MUTEX helps you prevent software plagiarism among students

Primary LanguageC#

MUTEX

MUTEX helps you prevent software plagiarism among students.
It was designed for real-time comparison of source codes handed in by students at university. It is used at the University of the German Armed Forces (http://www.unibw.de)

How it works

Given a new piece of source code (named 'NEW_SRC'), MUTEX will load the set of previously handed in source codes ('OLD_SET'). It will then parse NEW_SOURCE and each element of OLD_SET into separate token sequences. Comparing NEW_SRC against each element in OLD_SET, it will calculate the similarity between the two token sequences. After that it will determine the maximum similarity between NEW_SRC and any element in OLD_SET. If the similarity is above a pre-defined threshold (default: 50 percent), NEW_SRC will be considered a rip-off. MUTEX will store NEW_SRC in the database for further use and return the maximum similarity - along with an identifier for the corresponding element of OLD_SET - on stdout.

Usage

  1. Load solution
  2. Build solution as "Release"
  3. run "GSTConsole/bin/Release/mutex.exe"
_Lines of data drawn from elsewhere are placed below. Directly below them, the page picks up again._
definition definable :: "nat \<Rightarrow> (vec list \<Rightarrow> bool) \<Rightarrow> bool" where
  "definable n P \<longleftrightarrow> (\<exists>\<phi>. fv \<phi> \<subseteq> {..<n} \<and>
      (\<forall>xs. length xs = n \<longrightarrow> (P xs \<longleftrightarrow> sat (env xs) \<phi>)))"

text \<open>Counting quantifier (exists_{>K} y_1,...,y_l) Q(y): iterated, as in the paper.\<close>
fun exists_gt :: "nat \<Rightarrow> nat \<Rightarrow> (vec list \<Rightarrow> bool) \<Rightarrow> bool" where
  "exists_gt K 0 Q = Q []"
| "exists_gt K (Suc n) Q =
     (\<exists>S. finite S \<and> K < card S \<and> (\<forall>y\<in>S. exists_gt K n (\<lambda>ys. Q (y # ys))))"

end

theory Submission
  imports Defs "HOL-Library.Infinite_Set"
begin

text \<open>
A weak quantifier elimination for \<open>\<langle>\<M>;+\<rangle>\<close>: whether a formula holds under an assignment
depends only on which members of a finite set \<open>E\<close> of rational linear forms vanish on it.
To eliminate \<open>\<exists>x\<^sub>n\<close>, combine pairs of forms so as to cancel \<open>x\<^sub>n\<close>: a witness either
solves some form with nonzero \<open>x\<^sub>n\<close>-coefficient, and is then transported through that
equation, or solves none, and is then replaced by a fresh vector avoiding the finitely
many forbidden values.

If \<open>b\<close> is independent over \<open>\<V>(a)\<close> ("generic"), a form vanishes on \<open>(a, b)\<close> iff its
\<open>b\<close>-coefficients vanish and its \<open>a\<close>-part vanishes, so all generic \<open>b\<close> behave alike.
Generic tuples can be built coordinatewise from the infinite complement of a span, which
yields \<open>K + 1\<close> choices at every coordinate for any \<open>K\<close>. Conversely, if generic tuples
fail \<open>R\<close>, every solution lies on one of at most \<open>K = |E|\<close> proper affine hyperplanes. Such a
union cannot satisfy \<open>\<exists>\<^sub>>\<^sub>K\<close>: among \<open>K + 1\<close> values of the first coordinate one avoids the at
most \<open>K\<close> values forced by hyperplanes involving only that coordinate, and the slice there is
again such a union in one variable fewer.
\<close>

lemma lookup_smult [simp]: "Poly_Mapping.lookup (smult c v) i = c * Poly_Mapping.lookup v i"
  by (simp add: smult_def map.rep_eq when_def)

lemma smult_0_left [simp]: "smult 0 v = 0"
  by (rule poly_mapping_eqI) simp

lemma smult_1 [simp]: "smult 1 v = v"
  by (rule poly_mapping_eqI) simp

lemma smult_smult [simp]: "smult a (smult b v) = smult (a * b) v"
  by (rule poly_mapping_eqI) simp

lemma smult_eq_0_iff [simp]: "smult c v = 0 \<longleftrightarrow> c = 0 \<or> v = 0"
  by (auto simp: poly_mapping_eq_iff fun_eq_iff)

lemma smult_minus_left: "smult (- c) v = - smult c v"
  by (rule poly_mapping_eqI) simp

lemma add_smult_eq_0_iff:
  assumes "c \<noteq> 0"
  shows "u + smult c v = 0 \<longleftrightarrow> v = smult (- 1 / c) u"
proof -
  have "Poly_Mapping.lookup u x + c * Poly_Mapping.lookup v x = 0
      \<longleftrightarrow> Poly_Mapping.lookup v x = - 1 / c * Poly_Mapping.lookup u x" for x
    using assms by (auto simp: field_simps)
  then show ?thesis
    by (simp add: poly_mapping_eq_iff fun_eq_iff lookup_add)
qed

lemma add_smult_eq_0_elim:
  assumes c: "c \<noteq> 0" and u: "u + smult c w = 0"
  shows "u' + smult c' w = 0 \<longleftrightarrow> smult c u' + smult (- c') u = 0"
proof -
  let ?l = "Poly_Mapping.lookup"
  have u0: "?l u x + c * ?l w x = 0" for x
    using u by (metis lookup_add lookup_smult lookup_zero)
  have "c * ?l u' x + (- c') * ?l u x = c * (?l u' x + c' * ?l w x) - c' * (?l u x + c * ?l w x)" for x
    by (simp add: algebra_simps)
  then have "?l u' x + c' * ?l w x = 0 \<longleftrightarrow> c * ?l u' x + (- c') * ?l u x = 0" for x
    using c u0[of x] by simp
  then show ?thesis
    by (simp add: poly_mapping_eq_iff fun_eq_iff lookup_add)
qed

lemma lookup_lincomb:
  "Poly_Mapping.lookup (lincomb c vs) i = (\<Sum>j<length vs. c j * Poly_Mapping.lookup (vs ! j) i)"
  by (simp add: lincomb_def lookup_sum)

lemma lincomb_Nil [simp]: "lincomb c [] = 0"
  by (simp add: lincomb_def)

lemma lincomb_Cons: "lincomb c (x # xs) = smult (c 0) x + lincomb (\<lambda>i. c (Suc i)) xs"
  by (simp add: lincomb_def sum.lessThan_Suc_shift del: sum.lessThan_Suc)

lemma lincomb_snoc: "lincomb c (xs @ [y]) = lincomb c xs + smult (c (length xs)) y"
  by (simp add: lincomb_def nth_append)

lemma lincomb_append: "lincomb c (xs @ ys) = lincomb c xs + lincomb (\<lambda>j. c (length xs + j)) ys"
  by (induction ys rule: rev_induct) (simp_all add: lincomb_snoc add.assoc flip: append_assoc)

lemma lincomb_eq_0: "(\<And>i. i < length xs \<Longrightarrow> c i = 0) \<Longrightarrow> lincomb c xs = 0"
  by (simp add: lincomb_def)

lemma lincomb_linear:
  "lincomb (\<lambda>i. a * c i + b * d i) xs = smult a (lincomb c xs) + smult b (lincomb d xs)"
  by (rule poly_mapping_eqI)
    (simp add: lookup_lincomb lookup_add sum_distrib_left sum.distrib algebra_simps)

lemma vspan_iff: "x \<in> vspan xs \<longleftrightarrow> (\<exists>c. x = lincomb c xs)"
  by (auto simp: vspan_def)

lemma zero_in_vspan [simp]: "0 \<in> vspan xs"
  unfolding vspan_iff by (rule exI[of _ "\<lambda>_. 0"]) (simp add: lincomb_eq_0)

lemma vspan_Nil: "vspan [] = {0}"
  by (auto simp: vspan_iff lincomb_def)

lemma vspan_lin: "u \<in> vspan xs \<Longrightarrow> v \<in> vspan xs \<Longrightarrow> smult a u + smult b v \<in> vspan xs"
  unfolding vspan_iff by (metis lincomb_linear)

lemma vspan_smult: "u \<in> vspan xs \<Longrightarrow> smult a u \<in> vspan xs"
  using vspan_lin[of u xs u a 0] by simp

lemma vspan_uminus: "u \<in> vspan xs \<Longrightarrow> - u \<in> vspan xs"
  using vspan_smult[of u xs "- 1"] by (simp add: smult_minus_left)

lemma vspan_diff: "u \<in> vspan xs \<Longrightarrow> v \<in> vspan xs \<Longrightarrow> u - v \<in> vspan xs"
  using vspan_lin[of u xs "- v" 1 1] vspan_uminus[of v xs] by simp

lemma vspan_Cons: "x \<in> vspan (y # xs) \<longleftrightarrow> (\<exists>t u. u \<in> vspan xs \<and> x = smult t y + u)"
proof
  assume "\<exists>t u. u \<in> vspan xs \<and> x = smult t y + u"
  then obtain t c where "x = smult t y + lincomb c xs"
    by (auto simp: vspan_iff)
  then have "x = lincomb (case_nat t c) (y # xs)"
    by (simp add: lincomb_Cons)
  then show "x \<in> vspan (y # xs)"
    by (auto simp: vspan_iff)
qed (auto simp: vspan_iff lincomb_Cons)

lemma vspan_snoc_mono: "x \<in> vspan xs \<Longrightarrow> x \<in> vspan (xs @ [y])"
proof -
  assume "x \<in> vspan xs"
  then obtain c where "x = lincomb c xs"
    by (auto simp: vspan_iff)
  then have "x = lincomb (c(length xs := 0)) (xs @ [y])"
    by (simp add: lincomb_snoc lincomb_def nth_append)
  then show ?thesis
    by (auto simp: vspan_iff)
qed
Greedy-String-Tiling algorithm

To determine the similarity between two sequences A and B MUTEX uses an algorithm known as Greedy String Tiling. You can read more about that at http://page.mi.fu-berlin.de/prechelt/Biblio/jplagTR.pdf

MUTEX implements two version of the GST algorithm:

  1. The original algorithm with average complexity of O(n^2) and worst-case complexity O(n ^ 3) is implemented in GSTLibrary/tile/GSTAlgorithm.cs
  2. an optimized version with average complexity of O(n) is implemented in GSTLibrary/tile/HashingGSTAlgorithm.cs

It is recommended to use the optimized version HashingGSTAlgorithm

What are all those folders for?

If time permits, I will try to clean up this mess.

Until then, here is a list of the different projects:

  • GreedyStringTiling (top-level directory): a small graphical demo application used during presentations; nothing useful in here
  • ThirdPartyLibs: a collection of the libraries needed to compile/run MUTEX
  • DataRepository: handles storing/retrieving values from the database
  • Tokenizer: contains the language-agnostic elements needed for parsing source code
  • CTokenizer: implements a specialised grammar for the C programming language with the aim to better detect plagiarism
  • GSTLibrary: the "good" stuff - most everything that relates to the GST algorithm can be found in this project
  • GSTAppLogic: ties all the ends (data storage, tokenizer, GST algorithm) together into a functional piece of software
  • GSTConsole: a basic command line UI for MUTEX